The memcpy() function is perfectly fine. The C11 bounds checking functions were introduced as part of reducing the chance of buffer overflow defects.

Document N1967, Field Experience With Annex K — Bounds Checking Interfaces, in the section Unnecessary Uses has this to say:

A widespread fallacy originated by Microsoft's deprecation of the standard functions [DEPR] in an effort to increase the adoption of the APIs is that every call to the standard functions is necessarily unsafe and should be replaced by one to the "safer" API. As a result, security-minded teams sometimes naively embark on months-long projects rewriting their working code and dutifully replacing all instances of the "deprecated" functions with the corresponding APIs. This not only leads to unnecessary churn and raises the risk of injecting new bugs into correct code, it also makes the rewritten code less efficient.

The sizeof operator is a compile time operator which means that the size calculation is done by what ever information is available to the compiler at the time of compilation. This is why using the operator can be problematic and a source of runtime errors when used with pointers and arrays. Increasing the warning level of the compiler and using a static code analysis tool can help find these problem areas.

Because the sizeof operator is a compile time operator, there isn't a much you can do for a compiler error or warning though your particular compiler may have a warning level you can set that will do this type of check.

What I have done is to have a Preprocessor macro that I can use for a run time check in debug builds or special release builds used in verification that will be removed when doing a release build for production in order to remove the checking overhead.

So if you have source such as:

uint8_t mybuffer[4];
float f;
memcpy(&f, mybuffer, sizeof(mybuffer));

that will be have the correct number of bytes because the array mybuffer[4] along with its actual size is available to the compiler.

However I would actually prefer the following modification by specifying the size of the target for the memcpy() instead.

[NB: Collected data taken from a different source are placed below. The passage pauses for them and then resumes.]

lemma (in finite_measure) atomless_additive_measure_invariant_proportional:
  fixes g :: "'a set \<Rightarrow> 'b::real_normed_vector"
  assumes atomless: "atomless M" and B: "B \<in> sets M"
    and invariant: "\<And>C C'. C \<in> sets M \<Longrightarrow> C' \<in> sets M \<Longrightarrow> C \<subseteq> B \<Longrightarrow> C' \<subseteq> B \<Longrightarrow>
      measure M C = measure M C' \<Longrightarrow> g C = g C'"
    and add: "\<And>C C'. C \<in> sets M \<Longrightarrow> C' \<in> sets M \<Longrightarrow> C \<inter> C' = {} \<Longrightarrow> g (C \<union> C') = g C + g C'"
    and bound: "\<And>C. C \<in> sets M \<Longrightarrow> norm (g C) \<le> K * sqrt (measure M C)"
    and C: "C \<in> sets M" "C \<subseteq> B"
  shows "g C = (measure M C / measure M B) *\<^sub>R g B"
proof -
  define \<phi> where "\<phi> s = g (SOME C. C \<in> sets M \<and> C \<subseteq> B \<and> measure M C = s)" for s
  have exists: "\<exists>C. C \<in> sets M \<and> C \<subseteq> B \<and> measure M C = s" if "0 \<le> s" "s \<le> measure M B" for s
    using atomless_exists_subset_measure[OF atomless B that] by metis
  have \<phi>: "\<phi> (measure M C) = g C" if "C \<in> sets M" "C \<subseteq> B" for C
  proof -
    have "\<exists>C'. C' \<in> sets M \<and> C' \<subseteq> B \<and> measure M C' = measure M C"
      using that by (intro exists) (auto intro: finite_measure_mono B)
    from someI_ex[OF this] show ?thesis unfolding \<phi>_def using that by (intro invariant) auto
  qed
  have "\<phi> (s + s') = \<phi> s + \<phi> s'" if s: "0 \<le> s" "0 \<le> s'" "s + s' \<le> measure M B" for s s'
  proof -
    obtain D where D: "D \<in> sets M" "D \<subseteq> B" "measure M D = s + s'" using exists[of "s + s'"] s by auto
    obtain E where E: "E \<in> sets M" "E \<subseteq> D" "measure M E = s"
      using atomless_exists_subset_measure[OF atomless D(1), of s] s D by auto
    have "measure M (D - E) = s'" using finite_measure_Diff D E by simp
    moreover have "g D = g E + g (D - E)" using add[of E "D - E"] D E by (simp add: Un_absorb1)
    ultimately show ?thesis using \<phi> D E by (metis Diff_subset order.trans sets.Diff)
  qed
  moreover have "norm (\<phi> s) \<le> K * sqrt s" if "0 \<le> s" "s \<le> measure M B" for s
    using exists[OF that] bound \<phi> by metis
  ultimately have "\<phi> (measure M C) = (measure M C / measure M B) *\<^sub>R \<phi> (measure M B)"
    using C B by (intro additive_on_interval_sqrt_bounded_linear) (auto intro: finite_measure_mono)
  then show ?thesis using \<phi> C B by simp
qed

section \<open>Square-integrable functions and bounded linear maps on them\<close>

lemma memL2_zero: "memL2 M (\<lambda>w. 0)"
  unfolding memL2_def by simp

lemma memL2_indicator_scaleR:
  fixes u :: "'h::{real_normed_vector, second_countable_topology}"
  assumes "finite_measure M" "A \<in> sets M"
  shows "memL2 M (\<lambda>w. indicator A w *\<^sub>R u)"
proof -
  interpret finite_measure M by fact
  have "integrable M (\<lambda>w. (norm (indicator A w *\<^sub>R u))\<^sup>2)"
    by (rule integrable_const_bound[where B="(norm u)\<^sup>2"]) (use assms in \<open>auto simp: indicator_def\<close>)
  moreover have "(\<lambda>w. indicator A w *\<^sub>R u) \<in> borel_measurable M" using assms(2) by measurable
  ultimately show ?thesis unfolding memL2_def by simp
qed

lemma memL2_add:
  fixes Y Z :: "'w \<Rightarrow> 'h::{real_normed_vector, second_countable_topology}"
  assumes "memL2 M Y" "memL2 M Z"
  shows "memL2 M (\<lambda>w. Y w + Z w)"
  unfolding memL2_def
proof
  show m: "(\<lambda>w. Y w + Z w) \<in> borel_measurable M" using assms unfolding memL2_def by auto
  have i: "integrable M (\<lambda>w. 2 * (norm (Y w))\<^sup>2 + 2 * (norm (Z w))\<^sup>2)"
    using assms unfolding memL2_def by auto
  show "integrable M (\<lambda>w. (norm (Y w + Z w))\<^sup>2)"
  proof (rule Bochner_Integration.integrable_bound[OF i])
    show "(\<lambda>w. (norm (Y w + Z w))\<^sup>2) \<in> borel_measurable M" using m by measurable
    show "AE w in M. norm ((norm (Y w + Z w))\<^sup>2) \<le> norm (2 * (norm (Y w))\<^sup>2 + 2 * (norm (Z w))\<^sup>2)"
    proof (rule AE_I2)
      fix w
      have "norm (Y w + Z w) \<le> norm (Y w) + norm (Z w)" by (rule norm_triangle_ineq)
      then have "(norm (Y w + Z w))\<^sup>2 \<le> (norm (Y w) + norm (Z w))\<^sup>2" by (intro power_mono) auto
      also have "\<dots> \<le> 2 * (norm (Y w))\<^sup>2 + 2 * (norm (Z w))\<^sup>2"
        by (smt (verit, del_insts) sum_squares_bound power2_sum)
      finally show "norm ((norm (Y w + Z w))\<^sup>2) \<le> norm (2 * (norm (Y w))\<^sup>2 + 2 * (norm (Z w))\<^sup>2)"
        by simp
    qed
  qed
qed

lemma memL2_scaleR:
  assumes "memL2 M Y"
  shows "memL2 M (\<lambda>w. c *\<^sub>R Y w)"
proof -
  have "(\<lambda>w. (norm (c *\<^sub>R Y w))\<^sup>2) = (\<lambda>w. c\<^sup>2 * (norm (Y w))\<^sup>2)"
    by (simp add: power_mult_distrib)
  then show ?thesis using assms unfolding memL2_def by auto
qed

lemma memL2_diff:
  fixes Y Z :: "'w \<Rightarrow> 'h::{real_normed_vector, second_countable_topology}"
  assumes "memL2 M Y" "memL2 M Z"
  shows "memL2 M (\<lambda>w. Y w - Z w)"
  using memL2_add[OF assms(1) memL2_scaleR[OF assms(2), of "-1"]] by simp

lemma memL2_sum:
  fixes Y :: "'i \<Rightarrow> 'w \<Rightarrow> 'h::{real_normed_vector, second_countable_topology}"
  shows "(\<And>i. i \<in> I \<Longrightarrow> memL2 M (Y i)) \<Longrightarrow> memL2 M (\<lambda>w. \<Sum>i\<in>I. Y i w)"
proof (induction I rule: infinite_finite_induct)
  case (insert i I)
  then have "memL2 M (\<lambda>w. Y i w + (\<Sum>i\<in>I. Y i w))" by (intro memL2_add) auto
  with insert.hyps show ?case by simp
qed (simp_all add: memL2_zero)

lemma memL2_AE_cong:
  assumes "memL2 M Z" "Y \<in> borel_measurable M" "AE w in M. Y w = Z w"
  shows "memL2 M Y"
  using assms unfolding memL2_def
  by (subst integrable_cong_AE[where g="\<lambda>w. (norm (Z w))\<^sup>2"]) (auto elim: AE_mp)

lemma l2norm_eq_0_AE:
  assumes "AE w in M. Y w = 0"
  shows "l2norm M Y = 0"
proof -
  have "(\<integral>w. (norm (Y w))\<^sup>2 \<partial>M) = 0"
    by (rule integral_eq_zero_AE) (use assms in \<open>auto elim: AE_mp\<close>)
  then show ?thesis unfolding l2norm_def by simp
qed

This ensures that there will not be a buffer overflow even if the source size is incorrect.

uint8_t mybuffer[4];
float f;
memcpy(&f, mybuffer, sizeof(f));

where problems with the sizeof operator develop is when the compiler is unable to deduce the size of the array or the size of the object whose address is in a pointer. Using it with array declarations of function arguments isn't safe either.

If you have a function int xxx (int a[5]) and in that function you try using the sizeof operator to get the array size in bytes, what you will probably get is the size of an int * instead.